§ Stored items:
________
(* Let $K$ be a self-similar compact set of ratio $\rho$ and module $\mu$, and put $T_u=K^{(u)}\setminus K^{(u+1)}$ for $u\ge0$. Then for every integer $n\ge1$ and every ordinal $0\le\alpha\le\omega^\omega$, $K^{(n)}[\alpha]=K[\omega^n(1+\alpha)]$. Moreover, for every ordinal $0\le\alpha<\omega^\omega$, \[T_0[\alpha]=\begin{cases}K[\alpha]&\text{if }\alpha<\omega,\\ K[\alpha+1]&\text{if }\alpha\ge\omega,\end{cases}\qquad\text{and}\qquad T_u[\alpha]=K[\omega^u(\alpha+1)]\ \text{ for } u\ge1.\]
   Context: For $A\subset\mathbf{R}$, $A'$ denotes the derived set of $A$, $A^{(0)}=A$, $A^{(n+1)}=(A^{(n)})'$. The reverse usual order is $x\preccurlyeq y$ iff $x\ge y$. A self-similar compact set of ratio $\rho>1$ and module $\mu\in\mathbf{N}$ is a compact set $K\subset[0,+\infty)$ with $\rho K^{(\mu)}=K$, well ordered by $\preccurlyeq$, of order type $\omega^\omega+1$. For a set $L\subset\mathbf{R}$ well ordered by $\preccurlyeq$ and an ordinal $\alpha$ less than its order type, $L[\alpha]$ denotes the element of $L$ in position $\alpha$ for $\preccurlyeq$ (positions start at $0$). Ordinal arithmetic is the standard one. *)

theory Defs
  imports "HOL-Analysis.Analysis" "HOL-Library.Poly_Mapping"
begin

text \<open>An ordinal below omega^omega is written uniquely in Cantor normal form
  omega^k c_k + ... + omega c_1 + c_0; we store it as the finitely supported
  coefficient map i -> c_i.  The constructor OmegaOmega is omega^omega itself.
  The type thus contains exactly the ordinals alpha with alpha <= omega^omega.\<close>

datatype ordww = Below "nat \<Rightarrow>\<^sub>0 nat" | OmegaOmega

definition top_exp :: "(nat \<Rightarrow>\<^sub>0 nat) \<Rightarrow> nat" where
  "top_exp f = Max (Poly_Mapping.keys f)"

definition cnf_less :: "(nat \<Rightarrow>\<^sub>0 nat) \<Rightarrow> (nat \<Rightarrow>\<^sub>0 nat) \<Rightarrow> bool" where
  "cnf_less f g \<longleftrightarrow> f \<noteq> g \<and>
     (let m = Max {i. Poly_Mapping.lookup f i \<noteq> Poly_Mapping.lookup g i} in Poly_Mapping.lookup f m < Poly_Mapping.lookup g m)"

definition cnf_add :: "(nat \<Rightarrow>\<^sub>0 nat) \<Rightarrow> (nat \<Rightarrow>\<^sub>0 nat) \<Rightarrow> (nat \<Rightarrow>\<^sub>0 nat)" where
  "cnf_add f g = (if g = 0 then f else
     (let e = top_exp g in Abs_poly_mapping (\<lambda>i.
        if e < i then Poly_Mapping.lookup f i else if i = e then Poly_Mapping.lookup f i + Poly_Mapping.lookup g i else Poly_Mapping.lookup g i)))"

definition cnf_mult :: "(nat \<Rightarrow>\<^sub>0 nat) \<Rightarrow> (nat \<Rightarrow>\<^sub>0 nat) \<Rightarrow> (nat \<Rightarrow>\<^sub>0 nat)" where
  "cnf_mult f g = (if f = 0 \<or> g = 0 then 0 else
     (let e = top_exp f in Abs_poly_mapping (\<lambda>i.
        if e < i then Poly_Mapping.lookup g (i - e)
        else if Poly_Mapping.lookup g 0 = 0 then 0
        else if i = e then Poly_Mapping.lookup f e * Poly_Mapping.lookup g 0
        else Poly_Mapping.lookup f i)))"

text \<open>Results that would exceed omega^omega (only possible as OmegaOmega + beta with
  beta > 0, or OmegaOmega * beta with beta > 1) are not ordinals of this type;
  they are sent to OmegaOmega by convention and never occur in the statement.\<close>

instantiation ordww :: "{zero, one, plus, times, ord}"
begin

definition zero_ordww :: ordww where "zero_ordww = Below 0"

definition one_ordww :: ordww where "one_ordww = Below (Poly_Mapping.single 0 1)"

definition less_ordww :: "ordww \<Rightarrow> ordww \<Rightarrow> bool" where
  "less_ordww a b = (case (a, b) of
      (Below f, Below g) \<Rightarrow> cnf_less f g
    | (Below f, OmegaOmega) \<Rightarrow> True
    | (OmegaOmega, _) \<Rightarrow> False)"

definition less_eq_ordww :: "ordww \<Rightarrow> ordww \<Rightarrow> bool" where
  "less_eq_ordww a b = (a = b \<or> a < b)"

definition plus_ordww :: "ordww \<Rightarrow> ordww \<Rightarrow> ordww" where
  "plus_ordww a b = (case (a, b) of
      (Below f, Below g) \<Rightarrow> Below (cnf_add f g)
    | (Below f, OmegaOmega) \<Rightarrow> OmegaOmega
    | (OmegaOmega, _) \<Rightarrow> OmegaOmega)"

definition times_ordww :: "ordww \<Rightarrow> ordww \<Rightarrow> ordww" where
  "times_ordww a b = (case (a, b) of
      (Below f, Below g) \<Rightarrow> Below (cnf_mult f g)
    | (Below f, OmegaOmega) \<Rightarrow> (if f = 0 then Below 0 else OmegaOmega)
    | (OmegaOmega, Below g) \<Rightarrow> (if g = 0 then Below 0 else OmegaOmega)
    | (OmegaOmega, OmegaOmega) \<Rightarrow> OmegaOmega)"

instance ..
end

definition omega_pow :: "nat \<Rightarrow> ordww" where
  "omega_pow n = Below (Poly_Mapping.single n 1)"

abbreviation omega :: ordww where "omega \<equiv> omega_pow 1"

definition derived :: "real set \<Rightarrow> real set" where
  "derived A = {x. x islimpt A}"

definition rev_otype :: "real set \<Rightarrow> ordww \<Rightarrow> bool" where
  "rev_otype S \<alpha> \<longleftrightarrow> (\<exists>f. bij_betw f {\<beta>. \<beta> < \<alpha>} S \<and>
      (\<forall>\<beta> \<gamma>. \<beta> < \<alpha> \<longrightarrow> \<gamma> < \<alpha> \<longrightarrow> \<beta> < \<gamma> \<longrightarrow> f \<gamma> < f \<beta>))"

definition rev_otype_ww1 :: "real set \<Rightarrow> bool" where
  "rev_otype_ww1 S \<longleftrightarrow> (\<exists>f. bij_betw f {\<beta>. \<beta> \<le> OmegaOmega} S \<and>
      (\<forall>\<beta> \<gamma>. \<beta> < \<gamma> \<longrightarrow> f \<gamma> < f \<beta>))"

definition is_at :: "real set \<Rightarrow> ordww \<Rightarrow> real \<Rightarrow> bool" where
  "is_at L \<alpha> x \<longleftrightarrow> x \<in> L \<and> rev_otype {y \<in> L. x < y} \<alpha>"

definition ord_at :: "real set \<Rightarrow> ordww \<Rightarrow> real" where
  "ord_at L \<alpha> = (THE x. is_at L \<alpha> x)"

definition self_similar :: "real set \<Rightarrow> real \<Rightarrow> nat \<Rightarrow> bool" where
  "self_similar K \<rho> \<mu> \<longleftrightarrow> \<rho> > 1 \<and> compact K \<and> K \<subseteq> {0..} \<and>
     (\<lambda>x. \<rho> * x) ` ((derived ^^ \<mu>) K) = K \<and> rev_otype_ww1 K"

end

theory Submission
  imports Defs "HOL-Library.Multiset_Order"
begin

text \<open>Enumerate \<open>K\<close> decreasingly as \<open>f \<beta>\<close>, \<open>\<beta> \<le> \<omega>^\<omega>\<close>. As \<open>K\<close> is compact and \<open>f\<close> reverses
  a well-order, \<open>f \<beta>\<close> is a limit point of \<open>f ` A\<close> exactly when \<open>\<beta>\<close> is a limit point of \<open>A\<close>
  in the order topology (the infimum of the \<open>f \<gamma>\<close>, \<open>\<gamma> < \<beta>\<close>, lies in \<open>K\<close>). Iterating,
  the \<open>n\<close>-th derived set is the image of the nonzero multiples \<open>\<omega>^n (1 + \<alpha>)\<close> of \<open>\<omega>^n\<close>;
  removing the \<open>(u + 1)\<close>-th from the \<open>u\<close>-th leaves the positions \<open>\<omega>^u (\<alpha> + 1)\<close> for \<open>u \<ge> 1\<close>, and for \<open>u = 0\<close> the
  positions not divisible by \<open>\<omega>\<close>, namely \<open>\<alpha>\<close> for finite \<open>\<alpha>\<close> and \<open>\<alpha> + 1\<close> otherwise.
  Each of these reindexings \<open>h\<close> is strictly increasing on an initial segment, so the element in
  position \<open>\<alpha>\<close> of its image is \<open>f (h \<alpha>)\<close>.\<close>

section \<open>The Cantor normal forms below omega^omega form a well-order\<close>

abbreviation coeff :: "(nat \<Rightarrow>\<^sub>0 nat) \<Rightarrow> nat \<Rightarrow> nat" where
  "coeff \<equiv> Poly_Mapping.lookup"

lemma finite_coeff_differ: "finite {i. coeff f i \<noteq> coeff g i}"
  by (rule finite_subset[of _ "{i. coeff f i \<noteq> 0} \<union> {i. coeff g i \<noteq> 0}"]) auto

lemma cnf_less_iff:
  "cnf_less f g \<longleftrightarrow> (\<exists>m. coeff f m < coeff g m \<and> (\<forall>i>m. coeff f i = coeff g i))"
proof
  let ?S = "{i. coeff f i \<noteq> coeff g i}"
  assume "cnf_less f g"
  then have "coeff f (Max ?S) < coeff g (Max ?S)"
    unfolding cnf_less_def Let_def by auto
  moreover have "\<forall>i>Max ?S. coeff f i = coeff g i"
    using Max_ge[OF finite_coeff_differ] by (metis (mono_tags, lifting) mem_Collect_eq not_le)
  ultimately show "\<exists>m. coeff f m < coeff g m \<and> (\<forall>i>m. coeff f i = coeff g i)" by blast
next
  assume "\<exists>m. coeff f m < coeff g m \<and> (\<forall>i>m. coeff f i = coeff g i)"
  then obtain m where m: "coeff f m < coeff g m" "\<forall>i>m. coeff f i = coeff g i" by blast
  then have "Max {i. coeff f i \<noteq> coeff g i} = m"
    using finite_coeff_differ by (intro Max_eqI) (auto simp: not_less[symmetric])
  with m show "cnf_less f g" unfolding cnf_less_def Let_def by auto
qed

lemma cnf_less_irrefl: "\<not> cnf_less f f"
  by (auto simp: cnf_less_iff)

lemma cnf_less_trans: "cnf_less f g \<Longrightarrow> cnf_less g h \<Longrightarrow> cnf_less f h"
  unfolding cnf_less_iff
proof (elim exE conjE)
  fix m1 m2
  assume f: "coeff f m1 < coeff g m1" "\<forall>i>m1. coeff f i = coeff g i"
     and h: "coeff g m2 < coeff h m2" "\<forall>i>m2. coeff g i = coeff h i"
  show "\<exists>m. coeff f m < coeff h m \<and> (\<forall>i>m. coeff f i = coeff h i)"
  proof (cases "m1 \<le> m2")
    case True
    then show ?thesis using f h by (intro exI[of _ m2]) (auto simp: le_less)
  next
    case False
    then show ?thesis using f h by (intro exI[of _ m1]) auto
  qed
qed

lemma cnf_less_asym: "cnf_less f g \<Longrightarrow> \<not> cnf_less g f"
  using cnf_less_trans cnf_less_irrefl by blast

lemma cnf_less_total: "f \<noteq> g \<Longrightarrow> cnf_less f g \<or> cnf_less g f"
proof -
  assume "f \<noteq> g"
  let ?S = "{i. coeff f i \<noteq> coeff g i}"
  have "?S \<noteq> {}" using \<open>f \<noteq> g\<close> by (metis (mono_tags) Collect_empty_eq poly_mapping_eqI)
  then have "Max ?S \<in> ?S" using finite_coeff_differ by (rule Max_in[rotated])
  moreover have "{i. coeff g i \<noteq> coeff f i} = ?S" by auto
  ultimately show ?thesis unfolding cnf_less_def Let_def using \<open>f \<noteq> g\<close>
    by (metis (mono_tags, lifting) linorder_neqE_nat mem_Collect_eq)
qed

text \<open>\<open>cnf_less\<close> is contained in the Dershowitz--Manna order on the multisets of exponents,
  which is well-founded.\<close>

definition exponent_multiset :: "(nat \<Rightarrow>\<^sub>0 nat) \<Rightarrow> nat multiset" where
  "exponent_multiset f = Abs_multiset (coeff f)"

lemma count_exponent_multiset: "count (exponent_multiset f) = coeff f"
proof -
  have "finite {i. 0 < coeff f i}" by simp
  then show ?thesis unfolding exponent_multiset_def by (rule count_Abs_multiset)
qed

lemma cnf_less_imp_exponent_multiset_less:
  assumes "cnf_less f g"
  shows "exponent_multiset f < exponent_multiset g"
proof -
  obtain m where m: "coeff f m < coeff g m" "\<forall>i>m. coeff f i = coeff g i"
    using assms unfolding cnf_less_iff by blast
  have "exponent_multiset f \<noteq> exponent_multiset g"
    using m(1) by (metis count_exponent_multiset less_irrefl)
  moreover have "\<exists>x>y. coeff f x < coeff g x" if "coeff g y < coeff f y" for y
  proof -
    have "y < m" using that m by (metis less_asym nat_neq_iff)
    then show ?thesis using m(1) by blast
  qed
  ultimately show ?thesis unfolding less_multiset\<^sub>H\<^sub>O count_exponent_multiset by blast
qed

lemma wf_cnf_less: "wf {(f, g). cnf_less f g}"
proof -
  have "{(f, g). cnf_less f g} \<subseteq> inv_image {(M, N). M < N} exponent_multiset"
    using cnf_less_imp_exponent_multiset_less by auto
  then show ?thesis using wf_less_multiset wf_inv_image wf_subset by blast
qed

lemma less_ordww_simps [simp]:
  "Below f < Below g \<longleftrightarrow> cnf_less f g"
  "Below f < OmegaOmega"
  "\<not> OmegaOmega < x"
  by (auto simp: less_ordww_def split: ordww.splits)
________
§ Exercise prompt: Among the lines above, tally those containing the string "lambda" and give only the result.

§ Reply to the task: 3